In the Sefardic tradition, the Torah is lifted before the reading, a practice called levantar, Judaeo-Spanish for "to lift up". In the Yemenite tradition, the Torah remains in a resting position while just the parchment is raised.

In Ashkenazi tradition, lifting is called hagbaha and is usually done after the reading, although some Nusach Sefard communities, especially in Israel, have adopted the Sephardic custom of doing it before the reading. The order was a matter of medieval dispute, but the position of the Kol Bo, lifting before, eventually lost to that of Moses Isserles, and is followed in only a few Ashkenazic communities. Two honorees are called: the magbiah 'lifter' performs hagbaha, displaying the text for all to see, after which the golel 'roller' performs the gelila 'rolling [of the Torah]' and puts on the cover, belt, crown, and/or other ornaments (this role, originally distinguished, is now often given to minors). In Conservative, Reform, Reconstructionist, and some Open Orthodox congregations, these roles may also be performed by a woman. The respective titles for women are "Magbihah" and "Golelet". Rashi says on Megillah 32a that these roles were originally performed by the same honoree.

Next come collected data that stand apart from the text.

(* Let $T\in\mathcal L(\mathcal H)$ be invertible and $C>0$. Let $\mathcal X$ be the set of $x\in\mathcal H$ for which there exist strictly increasing sequences $\{n_k\}_k$ and $\{l_k\}_k$ of positive integers such that the limits $\lim_k\|T^{-l_k}x\|$ and $\lim_k\|T^{n_k}x\|$ exist and $\lim_k\|T^{-l_k}x\|\leq C\lim_k\|T^{n_k}x\|$. If $\mathcal X$ is dense in $\mathcal H$, then $$\sup_{n\geq0}\|T^{-n}\|\leq C\Bigl(\sup_{n\geq0}\|T^n\|\Bigr)^2 .$$
   Context: $\mathcal H$ is a complex Hilbert space. *)

theory Defs
  imports "HOL-Analysis.Analysis" "HOL-Library.Extended_Real"
begin

text \<open>A complex Hilbert space is modelled as a real Hilbert space (a complete real
inner product space) equipped with a complex structure J (multiplication by the
imaginary unit): J is real-linear, J (J x) = - x, and J is orthogonal. The complex
inner product is then  inner x y + i * inner x (J y)  (up to convention), and the norm
is the same as the real norm.\<close>

definition complex_structure :: "('a::real_inner \<Rightarrow> 'a) \<Rightarrow> bool" where
  "complex_structure J \<longleftrightarrow> linear J \<and> (\<forall>x. J (J x) = - x) \<and> (\<forall>x y. inner (J x) (J y) = inner x y)"

definition bounded_op :: "('a::real_inner \<Rightarrow> 'a) \<Rightarrow> ('a \<Rightarrow> 'a) \<Rightarrow> bool" where
  "bounded_op J T \<longleftrightarrow> bounded_linear T \<and> (\<forall>x. T (J x) = J (T x))"

end

theory Submission
  imports Defs
begin

text \<open>If \<open>sup\<^sub>n \<parallel>T\<^sup>n\<parallel> = M\<close> is finite, then for every \<open>m \<le> l\<close> we have
\<open>S\<^sup>m x = T\<^bsup>l-m\<^esup> S\<^sup>l x\<close>, hence \<open>\<parallel>S\<^sup>m x\<parallel> \<le> M \<parallel>S\<^sup>l x\<parallel>\<close>; letting \<open>l\<close> run
through \<open>l\<^sub>k\<close> gives \<open>\<parallel>S\<^sup>m x\<parallel> \<le> M lim \<parallel>S\<^bsup>l\<^sub>k\<^esup> x\<parallel> \<le> C M lim \<parallel>T\<^bsup>n\<^sub>k\<^esup> x\<parallel> \<le> C M\<^sup>2 \<parallel>x\<parallel>\<close>
for every \<open>x\<close> in the dense set. Since \<open>S\<^sup>m\<close> is continuous, the bound extends to all
of \<open>\<H>\<close>.\<close>

lemma bounded_linear_funpow:
  fixes f :: "'a::real_normed_vector \<Rightarrow> 'a"
  assumes "bounded_linear f"
  shows "bounded_linear (f ^^ n)"
proof (induction n)
  case 0
  then show ?case using bounded_linear_ident by (simp add: id_def)
next
  case (Suc n)
  then show ?case by (simp add: bounded_linear_compose assms)
qed

lemma funpow_right_inverse:
  fixes T S :: "'a \<Rightarrow> 'a"
  assumes "T \<circ> S = id"
  shows "(T ^^ n) ((S ^^ n) x) = x"
proof (induction n arbitrary: x)
  case 0
  then show ?case by simp
next
  case (Suc n)
  have "(T ^^ Suc n) ((S ^^ Suc n) x) = T ((T ^^ n) ((S ^^ n) (S x)))"
    by (simp only: funpow.simps(2) comp_apply funpow_swap1)
  also have "\<dots> = x"
    using Suc assms by (metis comp_apply id_apply)
  finally show ?case .
qed

lemma funpow_right_inverse_diff:
  fixes T S :: "'a \<Rightarrow> 'a"
  assumes "T \<circ> S = id" and "m \<le> l"
  shows "(T ^^ (l - m)) ((S ^^ l) x) = (S ^^ m) x"
proof -
  have "(S ^^ l) x = (S ^^ (l - m)) ((S ^^ m) x)"
    using assms(2) by (metis funpow_add le_add_diff_inverse2 comp_apply)
  then show ?thesis
    using funpow_right_inverse[OF assms(1)] by simp
qed

lemma SUP_onorm_funpow_nonneg:
  fixes T :: "'a::real_normed_vector \<Rightarrow> 'a"
  assumes "bounded_linear T"
  shows "0 \<le> (SUP n. ereal (onorm (T ^^ n)))"
proof -
  have "ereal (onorm (T ^^ 0)) \<le> (SUP n. ereal (onorm (T ^^ n)))"
    by (rule SUP_upper) simp
  moreover have "0 \<le> onorm (T ^^ 0)"
    using onorm_pos_le[OF bounded_linear_funpow[OF assms]] .
  ultimately show ?thesis
    by (metis order_trans ereal_less_eq(5))
qed

lemma norm_funpow_le_SUP_onorm:
  fixes T :: "'a::real_normed_vector \<Rightarrow> 'a"
  assumes "bounded_linear T" and "(SUP n. ereal (onorm (T ^^ n))) = ereal M"
  shows "norm ((T ^^ n) y) \<le> M * norm y"
proof -
  have "ereal (onorm (T ^^ n)) \<le> ereal M"
    unfolding assms(2)[symmetric] by (rule SUP_upper) simp
  then have "onorm (T ^^ n) \<le> M" by simp
  then show ?thesis
    by (metis assms(1) bounded_linear_funpow onorm mult_right_mono norm_ge_zero order_trans)
qed

lemma norm_funpow_le_lim_norm_inverse_orbit:
  fixes T S :: "'a::real_normed_vector \<Rightarrow> 'a"
  assumes TS: "T \<circ> S = id"
    and power_bounded: "\<And>n y. norm ((T ^^ n) y) \<le> M * norm y"
    and l: "strict_mono l"
    and lim: "(\<lambda>k. norm ((S ^^ l k) x)) \<longlonglongrightarrow> a"
  shows "norm ((S ^^ m) x) \<le> M * a"
proof (rule LIMSEQ_le_const)
  show "(\<lambda>k. M * norm ((S ^^ l k) x)) \<longlonglongrightarrow> M * a"
    by (intro tendsto_mult tendsto_const lim)
  have "norm ((S ^^ m) x) \<le> M * norm ((S ^^ l k) x)" if "m \<le> k" for k
  proof -
    have "m \<le> l k" using seq_suble[OF l, of k] that by linarith
    then have "(S ^^ m) x = (T ^^ (l k - m)) ((S ^^ l k) x)"
      using funpow_right_inverse_diff[OF TS] by simp
    then show ?thesis using power_bounded by simp
  qed
  then show "\<exists>N. \<forall>k\<ge>N. norm ((S ^^ m) x) \<le> M * norm ((S ^^ l k) x)"
    by blast
qed

lemma norm_funpow_inverse_le_of_orbit_limits:
  fixes T S :: "'a::real_normed_vector \<Rightarrow> 'a"
  assumes TS: "T \<circ> S = id"
    and power_bounded: "\<And>n y. norm ((T ^^ n) y) \<le> M * norm y"
    and "0 \<le> M" and "0 \<le> C"
    and l: "strict_mono l"
    and conv_S: "convergent (\<lambda>k. norm ((S ^^ l k) x))"
    and conv_T: "convergent (\<lambda>k. norm ((T ^^ n k) x))"
    and lim_le: "lim (\<lambda>k. norm ((S ^^ l k) x)) \<le> C * lim (\<lambda>k. norm ((T ^^ n k) x))"
  shows "norm ((S ^^ m) x) \<le> C * M\<^sup>2 * norm x"
proof -
  define a where "a = lim (\<lambda>k. norm ((S ^^ l k) x))"
  define b where "b = lim (\<lambda>k. norm ((T ^^ n k) x))"
  have "(\<lambda>k. norm ((S ^^ l k) x)) \<longlonglongrightarrow> a"
    using conv_S unfolding a_def by (simp add: convergent_LIMSEQ_iff)
  then have "norm ((S ^^ m) x) \<le> M * a"
    by (rule norm_funpow_le_lim_norm_inverse_orbit[OF TS power_bounded l])
  also have "\<dots> \<le> M * (C * b)"
    using lim_le \<open>0 \<le> M\<close> unfolding a_def b_def by (rule mult_left_mono)
  also have "b \<le> M * norm x"
  proof (rule LIMSEQ_le_const2)
    show "(\<lambda>k. norm ((T ^^ n k) x)) \<longlonglongrightarrow> b"
      using conv_T unfolding b_def by (simp add: convergent_LIMSEQ_iff)
  qed (use power_bounded in auto)
  then have "M * (C * b) \<le> M * (C * (M * norm x))"
    using \<open>0 \<le> M\<close> \<open>0 \<le> C\<close> by (intro mult_left_mono) auto
  finally show ?thesis
    by (simp add: power2_eq_square algebra_simps)
qed

lemma norm_le_of_dense:
  fixes f :: "'a::real_normed_vector \<Rightarrow> 'b::real_normed_vector"
  assumes "bounded_linear f" and "closure D = UNIV"
    and "\<And>x. x \<in> D \<Longrightarrow> norm (f x) \<le> K * norm x"
  shows "norm (f x) \<le> K * norm x"
proof -
  have "closure D \<subseteq> {x. norm (f x) \<le> K * norm x}"
  proof (rule closure_minimal)
    show "closed {x. norm (f x) \<le> K * norm x}"
      by (intro closed_Collect_le continuous_intros linear_continuous_on
            bounded_linear.continuous_on assms(1))
  qed (use assms(3) in blast)
  then show ?thesis using assms(2) by auto
qed

theorem proposition4p4:
  fixes J T S :: "'a::{real_inner, complete_space} \<Rightarrow> 'a" and C :: real
  assumes J: "complex_structure J"
    and T: "bounded_op J T"
    and S: "bounded_op J S" and ST: "S \<circ> T = id" and TS: "T \<circ> S = id"
    and C: "C > 0"
    and dense: "closure {x. \<exists>n l :: nat \<Rightarrow> nat.
                   strict_mono n \<and> strict_mono l \<and> (\<forall>k. 0 < n k \<and> 0 < l k) \<and>
                   convergent (\<lambda>k. norm ((S ^^ l k) x)) \<and>
                   convergent (\<lambda>k. norm ((T ^^ n k) x)) \<and>
                   lim (\<lambda>k. norm ((S ^^ l k) x)) \<le> C * lim (\<lambda>k. norm ((T ^^ n k) x))} = UNIV"
  shows "(SUP n. ereal (onorm (S ^^ n))) \<le> ereal C * (SUP n. ereal (onorm (T ^^ n))) ^ 2"
proof -
  have blT: "bounded_linear T" and blS: "bounded_linear S"
    using T S by (auto simp: bounded_op_def)
  define \<Sigma> where "\<Sigma> = (SUP n. ereal (onorm (T ^^ n)))"
  have "0 \<le> \<Sigma>" unfolding \<Sigma>_def using blT by (rule SUP_onorm_funpow_nonneg)
  then consider (infinite) "\<Sigma> = \<infinity>" | (finite) M where "\<Sigma> = ereal M" "0 \<le> M"
    by (cases \<Sigma>) auto
  then show ?thesis
  proof cases
    case infinite
    then show ?thesis using C by (simp add: \<Sigma>_def[symmetric] power2_eq_square)
  next
    case (finite M)
    have power_bounded: "norm ((T ^^ n) y) \<le> M * norm y" for n y
      using norm_funpow_le_SUP_onorm[OF blT] finite(1) unfolding \<Sigma>_def by blast
    have "norm ((S ^^ m) x) \<le> C * M\<^sup>2 * norm x" for m x
      using bounded_linear_funpow[OF blS] dense
      by (rule norm_le_of_dense)
        (auto intro: norm_funpow_inverse_le_of_orbit_limits[OF TS power_bounded]
           simp: finite(2) less_imp_le[OF C])
    then have "onorm (S ^^ m) \<le> C * M\<^sup>2" for m
      using C finite(2) by (intro onorm_bound) auto
    then have "(SUP n. ereal (onorm (S ^^ n))) \<le> ereal (C * M\<^sup>2)"
      by (intro SUP_least) simp
    also have "\<dots> = ereal C * \<Sigma> ^ 2"
      using finite(1) by (simp add: power2_eq_square)
    finally show ?thesis unfolding \<Sigma>_def .
  qed
qed

end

As the Hagbaha is performed, the congregation points toward the Torah scroll with their pinky fingers and recites Deut. 4:44, "
", adding, "on the word of YHWH, by hand of Moses." The custom of pointing has no clear origin. The medieval Ashkenazi custom, according to Moses Isserles, was to bow toward the scroll during Hagbaha; pointing is mentioned by Mordechai Krispin of Rhodes (c. 1730-1790) in a work published by his grandson in 1836; pointing with the pinky, first recorded as a "Russian" custom by the 1912 Jewish Encyclopedia, was codified by the Me'am Lo'ez in 1969. Twentieth-century additions to the Me'am Loez were written by an Ashkenazi, Shmuel Kroizer, but the Sephardic prestige of the work has helped the custom become near-universal among both Sephardic and Ashkenazi Jews.

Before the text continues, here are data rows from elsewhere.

(* There exists a family $\mathcal F_0$ of $3$ axis-parallel rectangles such that $\pi_L(\mathcal F_0)\ge \frac{36}{31}\,\pi(\mathcal F_0)$.
   Context: For a finite family $\mathcal F$ of closed axis-parallel rectangles in the plane, a point set $P\subset\mathbb R^2$ is $\mathcal F$-piercing if every translate of every rectangle in $\mathcal F$ contains a point of $P$. The density of a point set $P$ is $\limsup_{r\to\infty} |P\cap[-r,r]^2|/(2r)^2$. $\pi(\mathcal F)$ is the infimum of the densities of $\mathcal F$-piercing point sets, and $\pi_L(\mathcal F)$ is the infimum of the densities of $\mathcal F$-piercing lattices, where a lattice $\{iu+jv:i,j\in\mathbb Z\}$ ($u,v$ linearly independent) has density $1/|\det[u,v]|$. *)

theory Defs
  imports "HOL-Analysis.Analysis" "HOL-Library.Liminf_Limsup"
begin

definition closed_axis_rect :: "(real \<times> real) set \<Rightarrow> bool" where
  "closed_axis_rect R \<longleftrightarrow> (\<exists>a b c d. a < b \<and> c < d \<and> R = {a..b} \<times> {c..d})"

definition translate :: "real \<times> real \<Rightarrow> (real \<times> real) set \<Rightarrow> (real \<times> real) set" where
  "translate t R = (\<lambda>p. p + t) ` R"

definition piercing :: "(real \<times> real) set set \<Rightarrow> (real \<times> real) set \<Rightarrow> bool" where
  "piercing F P \<longleftrightarrow> (\<forall>R\<in>F. \<forall>t. translate t R \<inter> P \<noteq> {})"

In Ashkenazic congregations, the magbiah will usually sit holding the scroll until after the haftara is performed and the chazzan takes it from him to return it to the ark. In some congregations, the scroll is instead placed on the bima or handed to a different honoree (frequently a minor) to sit and hold.

===Aliyot===

A synagogue official, called a gabbai, then calls up several people (men in most Orthodox and some Conservative congregations, and any adult in others) in turn, to be honored with an aliyah (עליה, pl. עליות aliyot; 'ascent'). The honoree, or oleh (plural olim), stands at the bima and recites a blessing, after which either the oleh or, more usually, a designated reader reads a section of the day's Torah portion, followed by another blessing recited by the oleh.

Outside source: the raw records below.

lemma ert_mono: "f \<le> f' \<Longrightarrow> ert C f \<le> ert C f'"
proof (induction C arbitrary: f f')
  case (Alloc x e)
  then show ?case
    by (auto simp: le_fun_def intro!: SUP_subset_mono[OF order_refl] sepimp_mono[THEN le_funD] subst_mono)
next
  case (Load x e)
  then show ?case
    by (auto simp: le_fun_def intro!: INF_mono sepcon_mono[THEN le_funD] sepimp_mono subst_mono)
next
  case (PChoice C1 p C2)
  then show ?case
    by (fastforce simp: le_fun_def intro!: add_mono mult_left_mono)
next
  case (If b C1 C2)
  then show ?case
    by (fastforce simp: le_fun_def intro!: add_mono iv_mono[THEN le_funD])
next
  case (While b C)
  show ?case
    unfolding ert.simps by (intro While.prems lfp_mono le_funI add_mono iv_mono[THEN le_funD] order_refl)
qed (simp_all add: sepcon_mono sepimp_mono subst_mono)

lemma ert_While_frame:
  fixes C :: "'v prog"
  assumes body: "\<And>X. ert C (X \<oplus>\<^sub>s g) \<le> ert C X \<oplus>\<^sub>s g"
  shows "ert (While b C) (f \<oplus>\<^sub>s g) \<le> ert (While b C) f \<oplus>\<^sub>s g"
proof -
  define \<Phi> where "\<Phi> F = (\<lambda>X \<sigma>. iv (\<lambda>s. \<not> b s) F \<sigma> + iv b (ert C X) \<sigma>)" for F
  have "mono (\<Phi> f)"
  proof (rule monoI)
    fix X Y :: "'v runtime"
    assume "X \<le> Y"
    then show "\<Phi> f X \<le> \<Phi> f Y"
      unfolding \<Phi>_def by (intro le_funI add_mono order_refl iv_mono[THEN le_funD] ert_mono[OF \<open>X \<le> Y\<close>])
  qed
  then have fixpoint: "\<Phi> f (lfp (\<Phi> f)) = lfp (\<Phi> f)"
    by (rule lfp_fixpoint)
  have "\<Phi> (f \<oplus>\<^sub>s g) (lfp (\<Phi> f) \<oplus>\<^sub>s g)
      \<le> (\<lambda>\<sigma>. iv (\<lambda>s. \<not> b s) (f \<oplus>\<^sub>s g) \<sigma> + iv b (ert C (lfp (\<Phi> f)) \<oplus>\<^sub>s g) \<sigma>)"
    unfolding \<Phi>_def by (intro le_funI add_mono order_refl iv_mono[OF body, THEN le_funD])
  also have "\<dots> \<le> \<Phi> f (lfp (\<Phi> f)) \<oplus>\<^sub>s g"
    unfolding \<Phi>_def by (rule iv_sum_sepcon_le) simp
  finally have "\<Phi> (f \<oplus>\<^sub>s g) (lfp (\<Phi> f) \<oplus>\<^sub>s g) \<le> lfp (\<Phi> f) \<oplus>\<^sub>s g"
    unfolding fixpoint .
  then have "lfp (\<Phi> (f \<oplus>\<^sub>s g)) \<le> lfp (\<Phi> f) \<oplus>\<^sub>s g"
    by (rule lfp_lowerbound)
  then show ?thesis
    by (simp add: \<Phi>_def)
qed

lemma ert_frame:
  assumes "wf_prog C" and "\<forall>x \<in> modv C. not_in_vars x g"
  shows "ert C (f \<oplus>\<^sub>s g) \<le> ert C f \<oplus>\<^sub>s g"
  using assms
proof (induction C arbitrary: f)
  case (Tick e)
  then show ?case by (simp add: sepcon_assoc_le)
next
  case (Assign x e)
  then show ?case by (simp add: subst_sepcon)
next
  case (Alloc x e)
  let ?B = "\<lambda>v::nat. bigsep (\<lambda>i. pto (\<lambda>_. v + i - 1) (\<lambda>_. 0)) e"
  have "ert (Alloc x e) (f \<oplus>\<^sub>s g) \<le> (\<lambda>\<sigma>. SUP v. (sepimp (?B v) (subst f x (\<lambda>_. v)) \<oplus>\<^sub>s g) \<sigma>)"
    using Alloc.prems
    by (auto simp: subst_sepcon le_fun_def intro!: SUP_mono' sepimp_frame[THEN le_funD])
  also have "\<dots> \<le> ert (Alloc x e) f \<oplus>\<^sub>s g"
    unfolding ert.simps by (rule SUP_sepcon_le)
  finally show ?case .
next
  case (Store e e')
  then show ?case by (simp add: sepcon_sepimp_frame)
next
  case (Load x e)
  let ?P = "\<lambda>v::nat. pto e (\<lambda>_. v)"
  have "ert (Load x e) (f \<oplus>\<^sub>s g)
      \<le> (\<lambda>\<sigma>. INF v. ((?P v \<oplus>\<^sub>s sepimp (?P v) (subst f x (\<lambda>_. v))) \<oplus>\<^sub>s g) \<sigma>)"
    using Load.prems
    by (auto simp: subst_sepcon le_fun_def intro!: INF_mono' sepcon_sepimp_frame[THEN le_funD])
  also have "\<dots> \<le> ert (Load x e) f \<oplus>\<^sub>s g"
    unfolding ert.simps by (rule INF_sepcon_le)
  finally show ?case .
next
  case (Free e)
  then show ?case by (simp add: sepcon_assoc_le)
next
  case (PChoice C1 p C2)
  have weights: "ennreal (real_of_rat (p s)) + ennreal (1 - real_of_rat (p s)) \<le> 1" for s
  proof -
    have "0 \<le> real_of_rat (p s)" "real_of_rat (p s) \<le> 1"
      using PChoice.prems by simp_all
    then show ?thesis by (simp flip: ennreal_plus)
  qed
  have "ert (PChoice C1 p C2) (f \<oplus>\<^sub>s g) \<le> (\<lambda>(s, h).
      ennreal (real_of_rat (p s)) * (ert C1 f \<oplus>\<^sub>s g) (s, h)
      + ennreal (1 - real_of_rat (p s)) * (ert C2 f \<oplus>\<^sub>s g) (s, h))"
    using PChoice by (auto simp: le_fun_def intro!: add_mono mult_left_mono)
  also have "\<dots> \<le> ert (PChoice C1 p C2) f \<oplus>\<^sub>s g"
    unfolding ert.simps by (rule weighted_sum_sepcon_le[OF weights])
  finally show ?case .
next
  case (If b C1 C2)
  have "ert (If b C1 C2) (f \<oplus>\<^sub>s g)
      \<le> (\<lambda>\<sigma>. iv b (ert C1 f \<oplus>\<^sub>s g) \<sigma> + iv (\<lambda>s. \<not> b s) (ert C2 f \<oplus>\<^sub>s g) \<sigma>)"
    using If by (auto simp: le_fun_def intro!: add_mono iv_mono[THEN le_funD])
  also have "\<dots> \<le> ert (If b C1 C2) f \<oplus>\<^sub>s g"
    unfolding ert.simps by (rule iv_sum_sepcon_le) simp
  finally show ?case .
next
  case (Seq C1 C2)
  then have "ert C1 (ert C2 (f \<oplus>\<^sub>s g)) \<le> ert C1 (ert C2 f \<oplus>\<^sub>s g)"
    by (intro ert_mono) auto
  also have "\<dots> \<le> ert C1 (ert C2 f) \<oplus>\<^sub>s g"
    using Seq by auto
  finally show ?case by simp
next
  case (While b C)
  then show ?case by (intro ert_While_frame) simp
qed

There are always at least three aliyot in a given Torah-reading service:

| Number of aliyot | Occasion |
|---|---|
| 3 | Mondays and Thursdays, Shabbat afternoon, fast days (morning and afternoon), Hanukkah, Purim, Yom Kippur afternoon |
| 4 | Rosh Chodesh, Chol HaMoed |
| 5 | Passover (Yom Tov days only, excluding the chol hamoed), Shavuot, Rosh Hashanah, Sukkot (Yom Tov days only, excluding chol hamoed), Shemini Atzeret, Simchat Torah |
| 6 | Yom Kippur morning |
| 7 | Shabbat (Saturday) morning |

On Saturday mornings, there are seven olim, the maximum of any day, but more may be added if desired, by subdividing these seven aliyot or repeating passages (according to the custom of some communities). When a festival or Yom Kippur coincides with Shabbat the readings are divided into seven aliyot instead of five or six.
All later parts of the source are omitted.